Saved entries:
theorem proposition3p1:
  fixes X Y :: "'a::chilbert_space \<Rightarrow> 'a" and q :: complex
  assumes "bounded_clinear_op X" and "bounded_clinear_op Y"
    and "cmod q \<le> 1" and "q \<noteq> 0"
  shows "max (wq q (\<lambda>x. X x - Y x)) (wq q (\<lambda>x. X x + Y x)) \<le> wq2 q (opmat X Y Y X)
       \<and> wq2 q (opmat X Y Y X) \<le> max (onorm (\<lambda>x. X x - Y x)) (onorm (\<lambda>x. X x + Y x))
       \<and> (1/2) * max (wq q (\<lambda>x. X x + Y x)) (wq q (\<lambda>x. X x - Y x)) \<le> wq2 q (opmat (\<lambda>_. 0) X Y (\<lambda>_. 0))
       \<and> wq2 q (opmat (\<lambda>_. 0) X Y (\<lambda>_. 0)) \<le> (1/2) * (onorm (\<lambda>x. X x + Y x) + onorm (\<lambda>x. X x - Y x))"
proof -
  have X: "bounded_linear X" "\<And>c z. X (c *\<^sub>C z) = c *\<^sub>C X z"
    and Y: "bounded_linear Y" "\<And>c z. Y (c *\<^sub>C z) = c *\<^sub>C Y z"
    using assms(1,2) by (simp_all add: bounded_clinear_op_def)
  define m where "m = max (onorm (\<lambda>x. X x - Y x)) (onorm (\<lambda>x. X x + Y x))"
  define K where "K = (onorm (\<lambda>x. X x + Y x) + onorm (\<lambda>x. X x - Y x)) / 2"
  have "0 \<le> onorm (\<lambda>x. X x + Y x)" "0 \<le> onorm (\<lambda>x. X x - Y x)"
    using X(1) Y(1) by (simp_all add: onorm_pos_le bounded_linear_add bounded_linear_sub)
  then have "0 \<le> m" "0 \<le> K"
    by (simp_all add: m_def K_def)
  have sym: "norm (opmat X Y Y X u) \<le> m * norm u" for u
    unfolding m_def using X(1) Y(1) by (rule norm_opmat_sym_le)
  have antidiag: "norm (opmat (\<lambda>_. 0) X Y (\<lambda>_. 0) u) \<le> K * norm u" for u
    using \<open>0 \<le> K\<close> norm_le_mean_onorm_sum_diff [OF X(1) Y(1)]
    unfolding K_def by (rule norm_opmat_antidiag_le)
  show ?thesis
    unfolding dsum_inner_eq_cinner
    using qnum_radius_sum_diff_le_opmat_sym [OF X(2) Y(2) bdd_above_qnum_range [OF sym]]
      qnum_radius_le_norm_bound [OF \<open>0 \<le> m\<close> sym]
      qnum_radius_sum_diff_le_opmat_antidiag [OF X(2) Y(2) bdd_above_qnum_range [OF antidiag]]
      qnum_radius_le_norm_bound [OF \<open>0 \<le> K\<close> antidiag]
    by (simp add: m_def K_def mult.commute)
qed

end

▶ **TRY IT**:
Please return, exactly as written, the line containing "(\<lambda>_. 0) u)" and every line after it through the end of the records above, and nothing else.

▶ **ANSWER SECTION**:
  have antidiag: "norm (opmat (\<lambda>_. 0) X Y (\<lambda>_. 0) u) \<le> K * norm u" for u
    using \<open>0 \<le> K\<close> norm_le_mean_onorm_sum_diff [OF X(1) Y(1)]
    unfolding K_def by (rule norm_opmat_antidiag_le)
  show ?thesis
    unfolding dsum_inner_eq_cinner
    using qnum_radius_sum_diff_le_opmat_sym [OF X(2) Y(2) bdd_above_qnum_range [OF sym]]
      qnum_radius_le_norm_bound [OF \<open>0 \<le> m\<close> sym]
      qnum_radius_sum_diff_le_opmat_antidiag [OF X(2) Y(2) bdd_above_qnum_range [OF antidiag]]
      qnum_radius_le_norm_bound [OF \<open>0 \<le> K\<close> antidiag]
    by (simp add: m_def K_def mult.commute)
qed

end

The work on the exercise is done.